I purchased a new home two years ago and renovated it to turn it into a rental property. This year after all the renovations were done, I decided to rent it out. Can I claim the expenses on this year’s tax return?
No, rental “expenses” must be deducted in the year they are incurred, so you can’t claim the renovation expenses from previous years on your current year’s income tax return.
Can these expenses be claimed as Capital Expenses?
Yes. If the renovations were significant and improved the value of the property, you can add the cost of the renovations to the cost of the property and claim them in the year you started renting it out. You can then claim Capital Cost Allowance (CCA) (or depreciation) on the total value as the Adjusted Cost Base (ACB) of the building. For example;
- You purchase a fixer-upper property for $300,000 with the intention of renting it out. The property assessment shows the building as being worth $200,000 and the land at $100,000.
- You then spend $80,000 in renovations to improve the building itself. Your Adjusted Cost Base (ACB) of the building is now $280,000. This will be the figure you enter as an “addition” to Class 1 – 4% in the Calculation Of Capital Cost Allowance section of the T776 – Statement of Real Estate Rentals.
You will then claim depreciation of the building over the years instead of deducting the whole amount as an expense in one year. For more information on the type of expense, see this TurboTax article: Rental Property Expenses: Current or Capital.
Can I report a negative amount for the rental income?
Yes, if you are deducting current year expenses from your gross rental income and the expenses exceed the income, you will incur a rental loss.

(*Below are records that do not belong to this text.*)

lemma expectation_step:
  assumes "i \<ge> 1"
  shows "expectation (\<lambda>\<omega>. real_of_int (X i \<omega>)) = p - q"
proof -
  define U where "U = {\<omega> \<in> space M. X i \<omega> = 1}"
  define D where "D = {\<omega> \<in> space M. X i \<omega> = -1}"
  have sets: "U \<in> sets M" "D \<in> sets M"
    unfolding U_def D_def using measurable_step[OF assms] by measurable
  have "expectation (\<lambda>\<omega>. real_of_int (X i \<omega>))
      = expectation (\<lambda>\<omega>. indicator U \<omega> - indicator D \<omega> :: real)"
  proof (rule integral_cong_AE[OF borel_measurable_step[OF assms]])
    show "(\<lambda>\<omega>. indicator U \<omega> - indicator D \<omega> :: real) \<in> borel_measurable M"
      using sets by measurable
    show "AE \<omega> in M. real_of_int (X i \<omega>) = indicator U \<omega> - indicator D \<omega>"
      using AE_step_pm1[OF assms] AE_space
      by eventually_elim (auto simp: U_def D_def indicator_def)
  qed
  also have "\<dots> = prob U - prob D"
    using sets sets.sets_into_space[OF sets(1)] sets.sets_into_space[OF sets(2)]
    by (subst Bochner_Integration.integral_diff)
       (auto simp: Int_absorb2 less_top[symmetric] intro!: integrable_real_indicator)
  also have "\<dots> = p - q"
    using prob_up[OF assms] prob_down[OF assms] by (simp add: U_def D_def)
  finally show ?thesis .
qed

lemma prob_increment_le_half_drift:
  assumes "q < p" "j < k" "2 * a \<le> real (k - j) * (p - q)"
  shows "prob {\<omega> \<in> space M. (\<Sum>i\<in>{Suc j..k}. real_of_int (X i \<omega>)) \<le> a}
           \<le> exp (- ((p - q)\<^sup>2 / 8 * real (k - j)))"
proof -
  let ?I = "{Suc j..k}" and ?Y = "\<lambda>i \<omega>. real_of_int (X i \<omega>)"
  define m where "m = real (k - j)"
  define e where "e = m * (p - q) - a"
  interpret Hoeffding_ineq M ?I ?Y "\<lambda>_. -1" "\<lambda>_. 1" "m * (p - q)"
  proof unfold_locales
    show "indep_vars (\<lambda>_. borel) ?Y ?I"
      by (rule indep_vars_compose2[OF indep_vars_subset[OF indep]]) auto
    show "AE \<omega> in M. ?Y i \<omega> \<in> {-1..1}" if "i \<in> ?I" for i
      using AE_step_pm1[of i] that by (auto elim!: eventually_mono)
    have "(\<Sum>i\<in>?I. expectation (?Y i)) = (\<Sum>i\<in>?I. p - q)"
      by (intro sum.cong) (auto simp: expectation_step)
    then show "m * (p - q) \<equiv> \<Sum>i\<in>?I. expectation (?Y i)" by (simp add: m_def)
  qed simp
  have m: "m > 0" using assms(2) by (simp add: m_def)
  have "2 * a \<le> m * (p - q)" using assms(3) by (simp add: m_def)
  then have e: "m * (p - q) / 2 \<le> e" "0 \<le> m * (p - q) / 2"
    using m assms(1) by (simp_all add: e_def)
  have four_m: "(\<Sum>i\<in>?I. (1 - (-1::real))\<^sup>2) = 4 * m" by (simp add: m_def)
  have "prob {\<omega> \<in> space M. (\<Sum>i\<in>?I. ?Y i \<omega>) \<le> m * (p - q) - e} \<le> exp (- 2 * e\<^sup>2 / (4 * m))"
    using Hoeffding_ineq_le[of e] e m unfolding four_m by linarith
  also have "\<dots> \<le> exp (- ((p - q)\<^sup>2 / 8 * m))"
  proof -
    have "(m * (p - q) / 2)\<^sup>2 \<le> e\<^sup>2"
      using e by (intro power_mono)
    then have "(p - q)\<^sup>2 / 8 * m \<le> 2 * e\<^sup>2 / (4 * m)"
      using m by (simp add: field_simps power2_eq_square)
    then show ?thesis by simp
  qed
  finally have "prob {\<omega> \<in> space M. (\<Sum>i\<in>?I. ?Y i \<omega>) \<le> m * (p - q) - e}
      \<le> exp (- ((p - q)\<^sup>2 / 8 * m))" .
  moreover have "m * (p - q) - e = a" by (simp add: e_def)
  ultimately show ?thesis by (simp only: m_def)
qed
(* Let $A$ be a physical system of dimension $m$ whose Hamiltonian has a non-degenerate Bohr spectrum, with energy eigenbasis $\{|x\rangle\}$ and Gibbs state $\gamma^A$. Let $\rho,\sigma$ be states on $A$ with $r_{xy}\coloneqq\langle x|\rho|y\rangle$, $s_{xy}\coloneqq\langle x|\sigma|y\rangle$. Suppose $r_{xy}\neq0$ for all $x,y\in[m]$ and $r_{xx}=s_{xx}$ for all $x\in[m]$. Then there exists $\mathcal{E}\in\mathrm{GPC}(A\to A)$ with $\mathcal{E}(\rho)=\sigma$ if and only if $$Q^A\coloneqq I^A+\sum_{x\neq y\in[m]}\frac{s_{xy}}{r_{xy}}|x\rangle\langle y|^A\geq0.$$
   Context: The Hamiltonian $H^A=\sum_x a_x|x\rangle\langle x|$ has a non-degenerate Bohr spectrum if for all $x,y,x',y'$: $a_x-a_y=a_{x'}-a_{y'}$ holds iff ($x=x'$ and $y=y'$) or ($x=y$ and $x'=y'$). For fixed inverse temperature $\beta>0$ the Gibbs state is $\gamma^A=e^{-\beta H^A}/\mathrm{Tr}[e^{-\beta H^A}]$. $\mathrm{GPC}(A\to A)$ is the set of quantum channels $\mathcal{E}:A\to A$ with $\mathcal{E}(\gamma^A)=\gamma^A$ and $\mathcal{E}(e^{-iH^At}\rho e^{iH^At})=e^{-iH^At}\mathcal{E}(\rho)e^{iH^At}$ for all $t\in\mathbb{R}$ and states $\rho$. *)

theory Defs
  imports Complex_Main
begin

text \<open>Matrices on a finite index set are represented as functions of two indices
  (entries outside the relevant index range are irrelevant). For a system A of
  dimension m the basis is the energy eigenbasis, indexed by {..<m}.\<close>

type_synonym 'i cmat = "'i \<Rightarrow> 'i \<Rightarrow> complex"

definition psd_on :: "'i set \<Rightarrow> 'i cmat \<Rightarrow> bool" where
  "psd_on S M \<longleftrightarrow> (\<forall>v :: 'i \<Rightarrow> complex.
      Im (\<Sum>p\<in>S. \<Sum>q\<in>S. cnj (v p) * M p q * v q) = 0 \<and>
      Re (\<Sum>p\<in>S. \<Sum>q\<in>S. cnj (v p) * M p q * v q) \<ge> 0)"

definition is_state :: "nat \<Rightarrow> nat cmat \<Rightarrow> bool" where
  "is_state m \<rho> \<longleftrightarrow> psd_on {..<m} \<rho> \<and> (\<Sum>x<m. \<rho> x x) = 1"

definition mat_eq_on :: "nat \<Rightarrow> nat cmat \<Rightarrow> nat cmat \<Rightarrow> bool" where
  "mat_eq_on m X Y \<longleftrightarrow> (\<forall>x<m. \<forall>y<m. X x y = Y x y)"

definition well_defined_on :: "nat \<Rightarrow> (nat cmat \<Rightarrow> nat cmat) \<Rightarrow> bool" where
  "well_defined_on m E \<longleftrightarrow> (\<forall>X Y. mat_eq_on m X Y \<longrightarrow> mat_eq_on m (E X) (E Y))"

definition linear_on :: "nat \<Rightarrow> (nat cmat \<Rightarrow> nat cmat) \<Rightarrow> bool" where
  "linear_on m E \<longleftrightarrow> (\<forall>X Y (a::complex) b. mat_eq_on m
      (E (\<lambda>i j. a * X i j + b * Y i j)) (\<lambda>i j. a * E X i j + b * E Y i j))"

definition trace_preserving :: "nat \<Rightarrow> (nat cmat \<Rightarrow> nat cmat) \<Rightarrow> bool" where
  "trace_preserving m E \<longleftrightarrow> (\<forall>X. (\<Sum>x<m. E X x x) = (\<Sum>x<m. X x x))"

text \<open>(id_k \<otimes> E) applied to a block matrix indexed by pairs (ancilla index, system index).\<close>
definition id_tensor :: "(nat cmat \<Rightarrow> nat cmat) \<Rightarrow> (nat \<times> nat) cmat \<Rightarrow> (nat \<times> nat) cmat" where
  "id_tensor E M = (\<lambda>(i, x) (j, y). E (\<lambda>x' y'. M (i, x') (j, y')) x y)"

definition completely_positive :: "nat \<Rightarrow> (nat cmat \<Rightarrow> nat cmat) \<Rightarrow> bool" where
  "completely_positive m E \<longleftrightarrow> (\<forall>k M. psd_on ({..<k} \<times> {..<m}) M \<longrightarrow>
      psd_on ({..<k} \<times> {..<m}) (id_tensor E M))"

definition quantum_channel :: "nat \<Rightarrow> (nat cmat \<Rightarrow> nat cmat) \<Rightarrow> bool" where
  "quantum_channel m E \<longleftrightarrow> well_defined_on m E \<and> linear_on m E \<and>
      completely_positive m E \<and> trace_preserving m E"

text \<open>Hamiltonian H = \<Sum>x a x |x><x|.\<close>

definition nondegenerate_bohr :: "nat \<Rightarrow> (nat \<Rightarrow> real) \<Rightarrow> bool" where
  "nondegenerate_bohr m a \<longleftrightarrow> (\<forall>x<m. \<forall>y<m. \<forall>x'<m. \<forall>y'<m.
      a x - a y = a x' - a y' \<longleftrightarrow> (x = x' \<and> y = y') \<or> (x = y \<and> x' = y'))"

In the first year of your rental operation, you cannot claim the renovation expenses if you were not receiving income yet. You can however claim “soft costs” as expenses prior to the property being available for use and earning income. If you are claiming the renovation costs as Capital Expenses, you add them to the ACB of the building and include the total as a Class 1 CCA addition. You cannot create or increase a loss from your rental income by claiming CCA.
Your net rental income will be a negative value on Line 12600 – Net Rental Income representing a rental loss. This negative amount will be deducted from your other sources of income. However, the amount on Line 23600 – Net Income cannot be a negative value.
Is it better to claim the renovations on a newly purchased house as expenses or as CCA?
It depends. Some renovations can be claimed as current expenses and others that have a long lasting value have to be claimed as capital expenses (claim the CCA). However, for a newly purchased home that has not been used to earn rental income yet, you must claim the renovations as capital expenses.
Depending on your tax situation, if you have income from other sources, claiming the renovations as current expenses can reduce your taxable income immediately. But if you don’t have any other sources of income, you will not be able to benefit from claiming current expenses since your net income on line 23600 cannot be a negative value. In this case, it is better to claim the CCA value of the renovations over the years.
I am renting my property to my relative and charging the cost of maintaining the property. Do I claim the rental income? How do I claim the expenses?
No. If you do not intend to actually make a profit charging rent to your relative, you may not have to include it as rental income. The question to ask yourself, in this case, is: Would you be charging the same amount of rent if it was to a complete stranger? If the answer is no, that you’d be charging more, then you aren’t really out to earn a profit. Of course, if you aren’t claiming the rental income, you cannot claim any expenses either.